section \<open>Diagonal matrices dominating the Hadamard square\<close>

definition diag_mat :: "('n \<Rightarrow> real) \<Rightarrow> complex^'n^'n" where
  "diag_mat e = (\<chi> i j. if i = j then complex_of_real (e i) else 0)"

definition abs_sq_form :: "complex^'n^'n \<Rightarrow> ('n \<Rightarrow> real) \<Rightarrow> real" where
  "abs_sq_form A w = (\<Sum>i\<in>UNIV. \<Sum>j\<in>UNIV. (cmod (A$i$j))\<^sup>2 * w i * w j)"

lemma abs_sq_form_nonneg: "(\<And>i. 0 \<le> w i) \<Longrightarrow> 0 \<le> abs_sq_form A w"
  unfolding abs_sq_form_def by (intro sum_nonneg mult_nonneg_nonneg) auto

lemma cinner_hadamard_conj_real:
  "Re (cinner (\<chi> i. of_real (w i)) (hadamard A (conj_mat A) *v (\<chi> i. of_real (w i))))
     = abs_sq_form A w"
  unfolding cinner_mat_vec hadamard_conj_entry abs_sq_form_def by (simp add: mult_ac)

lemma Re_cinner_diag_mat: "Re (cinner x (diag_mat e *v x)) = (\<Sum>i\<in>UNIV. e i * (cmod (x$i))\<^sup>2)"
proof -
  have "cinner x (diag_mat e *v x) = (\<Sum>i\<in>UNIV. of_real (e i) * (cnj (x$i) * x$i))"
    unfolding cinner_mat_vec diag_mat_def by (simp add: if_distrib if_distribR mult_ac cong: if_cong)
  also have "\<dots> = of_real (\<Sum>i\<in>UNIV. e i * (cmod (x$i))\<^sup>2)"
    by (simp add: of_real_sum complex_norm_square mult.commute del: of_real_power)
  finally show ?thesis by (simp only: Re_complex_of_real)
qed

lemma hermitian_diag_mat: "hermitian (diag_mat e)"
  unfolding hermitian_def diag_mat_def by simp

lemma psd_diag_mat: "(\<And>i. 0 \<le> e i) \<Longrightarrow> psd (diag_mat e)"
  unfolding psd_iff Re_cinner_diag_mat by (simp add: hermitian_diag_mat sum_nonneg)

lemma diag_mat_mult: "diag_mat d ** diag_mat e = diag_mat (\<lambda>i. d i * e i)"
proof -
  have "(diag_mat d ** diag_mat e) $ i $ j
      = (\<Sum>k\<in>UNIV. if k = i then diag_mat (\<lambda>i. d i * e i) $ i $ j else 0)" for i j
    unfolding diag_mat_def matrix_matrix_mult_def vec_lambda_beta by (intro sum.cong) auto
  then show ?thesis by (simp add: vec_eq_iff)
qed

lemma pos_diag_Re_pos: "pos_diag D \<Longrightarrow> 0 < Re (D$i$i)"
  unfolding pos_diag_def by blast

lemma pos_diag_eq_diag_mat: "pos_diag D \<Longrightarrow> D = diag_mat (\<lambda>i. Re (D$i$i))"
  unfolding pos_diag_def diag_mat_def by (simp add: vec_eq_iff complex_eq_iff)

lemma pos_diag_diag_mat: "(\<And>i. 0 < e i) \<Longrightarrow> pos_diag (diag_mat e)"
  unfolding pos_diag_def diag_mat_def by simp

lemma pos_diag_mult_self: "pos_diag D \<Longrightarrow> D ** D = diag_mat (\<lambda>i. (Re (D$i$i))\<^sup>2)"
  by (subst (1 2) pos_diag_eq_diag_mat) (simp_all add: diag_mat_mult power2_eq_square)

lemma two_mult_le_weighted_squares:
  fixes a b p q :: real
  assumes "p > 0" "q > 0"
  shows "2 * (a * b) \<le> q / p * a\<^sup>2 + p / q * b\<^sup>2"
proof -
  have "0 \<le> (q * a - p * b)\<^sup>2 / (p * q)" using assms by simp
  also have "\<dots> = q / p * a\<^sup>2 + p / q * b\<^sup>2 - 2 * (a * b)"
    using assms by (simp add: field_simps power2_eq_square)
  finally show ?thesis by simp
qed

lemma schur_test:
  fixes A :: "complex^'n^'n"
  assumes A: "hermitian A" and u: "\<And>i. 0 < u i"
    and e: "\<And>i. (\<Sum>j\<in>UNIV. (cmod (A$i$j))\<^sup>2 * u j) / u i \<le> e i"
  shows "loewner_le (hadamard A (conj_mat A)) (diag_mat e)"
  unfolding loewner_le_def psd_iff
proof (intro conjI allI)
  define c where "c i j = (cmod (A$i$j))\<^sup>2" for i j
  have c_sym: "c i j = c j i" for i j
    using A unfolding hermitian_def c_def by (metis complex_mod_cnj)
  have c_nonneg: "0 \<le> c i j" for i j by (simp add: c_def)
  show "hermitian (diag_mat e - hadamard A (conj_mat A))"
    by (rule hermitian_diff[OF hermitian_diag_mat])
      (simp add: hermitian_def hadamard_conj_entry c_sym[unfolded c_def])
  fix x :: "complex^'n"
  define a where "a i = cmod (x$i)" for i
  have "Re (cinner x (hadamard A (conj_mat A) *v x)) = (\<Sum>i\<in>UNIV. \<Sum>j\<in>UNIV. c i j * Re (cnj (x$i) * x$j))"
    unfolding cinner_mat_vec hadamard_conj_entry c_def by (simp add: algebra_simps)
  also have "\<dots> \<le> (\<Sum>i\<in>UNIV. \<Sum>j\<in>UNIV. c i j * (a i * a j))"
    unfolding a_def
    by (intro sum_mono mult_left_mono c_nonneg) (metis complex_Re_le_cmod complex_mod_cnj norm_mult)
  also have "\<dots> = (\<Sum>i\<in>UNIV. \<Sum>j\<in>UNIV. c i j * (2 * (a i * a j))) / 2"
    by (simp add: sum_divide_distrib)
  finally have "2 * Re (cinner x (hadamard A (conj_mat A) *v x))
      \<le> (\<Sum>i\<in>UNIV. \<Sum>j\<in>UNIV. c i j * (2 * (a i * a j)))"
    by simp
  also have "\<dots> \<le> (\<Sum>i\<in>UNIV. \<Sum>j\<in>UNIV. c i j * (u j / u i * (a i)\<^sup>2 + u i / u j * (a j)\<^sup>2))"
    by (intro sum_mono mult_left_mono c_nonneg two_mult_le_weighted_squares u)
  also have "\<dots> = 2 * (\<Sum>i\<in>UNIV. \<Sum>j\<in>UNIV. c i j * (u j / u i * (a i)\<^sup>2))"
  proof -
    have "(\<Sum>i\<in>UNIV. \<Sum>j\<in>UNIV. c i j * (u i / u j * (a j)\<^sup>2))
        = (\<Sum>i\<in>UNIV. \<Sum>j\<in>UNIV. c i j * (u j / u i * (a i)\<^sup>2))"
      by (subst sum.swap) (simp add: c_sym)
    then show ?thesis by (simp add: distrib_left sum.distrib)
  qed
  also have "(\<Sum>i\<in>UNIV. \<Sum>j\<in>UNIV. c i j * (u j / u i * (a i)\<^sup>2))
      = (\<Sum>i\<in>UNIV. (a i)\<^sup>2 * ((\<Sum>j\<in>UNIV. c i j * u j) / u i))"
    by (simp add: sum_distrib_left sum_divide_distrib mult_ac)
  also have "\<dots> \<le> (\<Sum>i\<in>UNIV. (a i)\<^sup>2 * e i)"
    by (intro sum_mono mult_left_mono) (simp_all add: c_def e)
  also have "\<dots> = Re (cinner x (diag_mat e *v x))"
    unfolding Re_cinner_diag_mat a_def by (simp add: mult.commute)
  finally show "0 \<le> Re (cinner x ((diag_mat e - hadamard A (conj_mat A)) *v x))"
    by (simp add: matrix_vector_mult_diff_rdistrib cinner_diff_right)
qed

lemma exists_dominating_diag:
  fixes A :: "complex^'n^'n"
  assumes A: "hermitian A" and u: "\<And>i. 0 < u i" and "0 < t"
  shows "\<exists>e. (\<forall>i. 0 < e i) \<and> loewner_le (hadamard A (conj_mat A)) (diag_mat e) \<and>
           (\<Sum>i\<in>UNIV. u i)\<^sup>2 \<le> (\<Sum>i\<in>UNIV. 1 / e i) * (abs_sq_form A u + t * (\<Sum>i\<in>UNIV. (u i)\<^sup>2))"
proof (intro exI conjI allI)
  (* the summand t keeps e positive when a row of A vanishes *)
  define e where "e i = (\<Sum>j\<in>UNIV. (cmod (A$i$j))\<^sup>2 * u j) / u i + t" for i
  show e_pos: "0 < e i" for i
    using u \<open>0 < t\<close> unfolding e_def
    by (intro add_nonneg_pos divide_nonneg_pos sum_nonneg mult_nonneg_nonneg) (auto intro: less_imp_le)
  show "loewner_le (hadamard A (conj_mat A)) (diag_mat e)"
    by (rule schur_test[where u = u, OF A u]) (simp add: e_def \<open>0 < t\<close> less_imp_le)
  have "(1 / sqrt (e i)) * (u i * sqrt (e i)) = u i" for i
    using e_pos[of i] by simp
  then have "(\<Sum>i\<in>UNIV. u i)\<^sup>2 = (\<Sum>i\<in>UNIV. (1 / sqrt (e i)) * (u i * sqrt (e i)))\<^sup>2"
    by simp
  also have "\<dots> \<le> (\<Sum>i\<in>UNIV. (1 / sqrt (e i))\<^sup>2) * (\<Sum>i\<in>UNIV. (u i * sqrt (e i))\<^sup>2)"
    by (rule Cauchy_Schwarz_ineq_sum)
  also have "\<dots> = (\<Sum>i\<in>UNIV. 1 / e i) * (\<Sum>i\<in>UNIV. (u i)\<^sup>2 * e i)"
    using e_pos by (simp add: power_divide power_mult_distrib less_imp_le)
  also have "(\<Sum>i\<in>UNIV. (u i)\<^sup>2 * e i) = abs_sq_form A u + t * (\<Sum>i\<in>UNIV. (u i)\<^sup>2)"
  proof -
    have "(u i)\<^sup>2 * e i = u i * (\<Sum>j\<in>UNIV. (cmod (A$i$j))\<^sup>2 * u j) + t * (u i)\<^sup>2" for i
      using u[of i] by (simp add: e_def field_simps power2_eq_square)
    then show ?thesis
      unfolding abs_sq_form_def by (simp add: sum.distrib sum_distrib_left mult_ac)
  qed
  finally show "(\<Sum>i\<in>UNIV. u i)\<^sup>2 \<le> (\<Sum>i\<in>UNIV. 1 / e i) * (abs_sq_form A u + t * (\<Sum>i\<in>UNIV. (u i)\<^sup>2))" .
qed

lemma abs_sq_form_lower_bound:
  fixes A :: "complex^'n^'n"
  assumes A: "hermitian A" and "0 \<le> \<mu>" and w: "\<And>i. 0 \<le> w i"
    and bound: "\<And>e. \<forall>i. 0 < e i \<Longrightarrow> loewner_le (hadamard A (conj_mat A)) (diag_mat e) \<Longrightarrow>
      \<mu> * (\<Sum>i\<in>UNIV. 1 / e i) \<le> 1"
  shows "\<mu> * (\<Sum>i\<in>UNIV. w i)\<^sup>2 \<le> abs_sq_form A w"
proof -
  (* bound the form at the positive weights w + t, then let t tend to 0 *)
  define N where "N t = abs_sq_form A (\<lambda>i. w i + t) + t * (\<Sum>i\<in>UNIV. (w i + t)\<^sup>2)" for t
  have "\<mu> * (\<Sum>i\<in>UNIV. w i + t)\<^sup>2 \<le> N t" if "0 < t" for t
  proof -
    have u: "0 < w i + t" for i using w[of i] \<open>0 < t\<close> by simp
    obtain e where e_pos: "\<forall>i. 0 < e i" and dom: "loewner_le (hadamard A (conj_mat A)) (diag_mat e)"
      and cs: "(\<Sum>i\<in>UNIV. w i + t)\<^sup>2 \<le> (\<Sum>i\<in>UNIV. 1 / e i) * N t"
      using exists_dominating_diag[where u = "\<lambda>i. w i + t", OF A u \<open>0 < t\<close>, folded N_def]
      by blast
    have "\<mu> * (\<Sum>i\<in>UNIV. 1 / e i) \<le> 1" using e_pos dom by (rule bound)
    have "0 \<le> N t"
      unfolding N_def using w \<open>0 < t\<close>
      by (intro add_nonneg_nonneg abs_sq_form_nonneg mult_nonneg_nonneg sum_nonneg) (auto intro: less_imp_le)
    have "\<mu> * (\<Sum>i\<in>UNIV. w i + t)\<^sup>2 \<le> (\<mu> * (\<Sum>i\<in>UNIV. 1 / e i)) * N t"
      using mult_left_mono[OF cs \<open>0 \<le> \<mu>\<close>] by (simp add: mult.assoc)
    also have "\<dots> \<le> N t"
      using mult_right_mono[OF \<open>\<mu> * (\<Sum>i\<in>UNIV. 1 / e i) \<le> 1\<close> \<open>0 \<le> N t\<close>] by simp
    finally show ?thesis .
  qed
  then have "eventually (\<lambda>t. \<mu> * (\<Sum>i\<in>UNIV. w i + t)\<^sup>2 \<le> N t) (at_right 0)"
    by (intro eventually_at_rightI[of 0 1]) auto
  moreover have "((\<lambda>t. \<mu> * (\<Sum>i\<in>UNIV. w i + t)\<^sup>2) \<longlongrightarrow> \<mu> * (\<Sum>i\<in>UNIV. w i + 0)\<^sup>2) (at_right 0)"
    by (intro tendsto_intros)
  moreover have "(N \<longlongrightarrow> N 0) (at_right 0)"
    unfolding N_def abs_sq_form_def by (intro tendsto_intros)
  ultimately have "\<mu> * (\<Sum>i\<in>UNIV. w i + 0)\<^sup>2 \<le> N 0"
    by (intro tendsto_le[OF trivial_limit_at_right_real]) 
  then show ?thesis by (simp add: N_def)
qed

section \<open>The value of I(2,A)\<close>

lemma I2_le_frob_hadamard:
  assumes "psd B" "frob B = 1"
  shows "I2 A \<le> frob (hadamard A B)"
  unfolding I2_def
proof (rule cInf_lower)
  show "frob (hadamard A B) \<in> {frob (hadamard A B) |B. psd B \<and> frob B = 1}"
    using assms by blast
  show "bdd_below {frob (hadamard A B) |B. psd B \<and> frob B = 1}"
    by (rule bdd_belowI[of _ 0]) (auto simp: frob_nonneg)
qed

lemma powr_neg_half_sq: "0 < S \<Longrightarrow> (S powr (-1/2))\<^sup>2 = 1 / (S::real)"
  by (simp add: power2_eq_square powr_add[symmetric] powr_minus_divide)

lemma I2_le_diag_bound:
  fixes A :: "complex^'n^'n"
  assumes e: "\<And>i. 0 < e i" and dom: "loewner_le (hadamard A (conj_mat A)) (diag_mat e)"
  shows "I2 A \<le> (\<Sum>i\<in>UNIV. 1 / e i) powr (-1/2)"
proof -
  define S where "S = (\<Sum>i\<in>UNIV. 1 / e i)"
  have "0 < S" unfolding S_def using e by (simp add: sum_pos)
  define w where "w i = 1 / (e i * S)" for i
  have w_nonneg: "0 \<le> w i" for i using e[of i] \<open>0 < S\<close> by (simp add: w_def)
  have "(\<Sum>i\<in>UNIV. w i) = (\<Sum>i\<in>UNIV. 1 / e i) / S"
    unfolding w_def by (simp add: sum_divide_distrib divide_divide_eq_left)
  then have sum_w: "(\<Sum>i\<in>UNIV. w i) = 1"
    using \<open>0 < S\<close> by (simp add: S_def)
  define v :: "complex^'n" where "v = (\<chi> i. of_real (sqrt (w i)))"
  define B where "B = outer v"
  have "(norm v)\<^sup>2 = 1"
    unfolding norm_sq_vec v_def using sum_w w_nonneg by simp
  then have "frob B = 1" by (simp add: B_def frob_outer)
  have "(frob (hadamard A B))\<^sup>2 = abs_sq_form A w"
    unfolding frob_sq abs_sq_form_def B_def v_def hadamard_def outer_def
    using w_nonneg by (simp add: norm_mult power_mult_distrib mult_ac)
  also have "\<dots> \<le> Re (cinner (\<chi> i. of_real (w i)) (diag_mat e *v (\<chi> i. of_real (w i))))"
    unfolding cinner_hadamard_conj_real[symmetric] using dom by (rule loewner_le_Re_cinner)
  also have "\<dots> = (\<Sum>i\<in>UNIV. e i * (w i)\<^sup>2)"
    unfolding Re_cinner_diag_mat using w_nonneg by simp
  also have "\<dots> = (\<Sum>i\<in>UNIV. 1 / e i) / S\<^sup>2"
  proof -
    have "e i * (w i)\<^sup>2 = 1 / e i / S\<^sup>2" for i
      using e[of i] by (simp add: w_def power2_eq_square)
    then show ?thesis by (simp add: sum_divide_distrib)
  qed
  also have "\<dots> = (S powr (-1/2))\<^sup>2"
    unfolding powr_neg_half_sq[OF \<open>0 < S\<close>] using \<open>0 < S\<close>
    by (simp add: S_def[symmetric] power2_eq_square)
  finally have "frob (hadamard A B) \<le> S powr (-1/2)"
    by (rule power2_le_imp_le) simp
  moreover have "I2 A \<le> frob (hadamard A B)"
    using psd_outer \<open>frob B = 1\<close> unfolding B_def by (rule I2_le_frob_hadamard)
  ultimately show ?thesis by (simp add: S_def)
qed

WHAT YOU SHOULD DO: In the records above, locate each line with the word "assms". Copy all such lines.

COMPLETED TASK:
  have "0 \<le> (q * a - p * b)\<^sup>2 / (p * q)" using assms by simp
    using assms by (simp add: field_simps power2_eq_square)
    using assms by blast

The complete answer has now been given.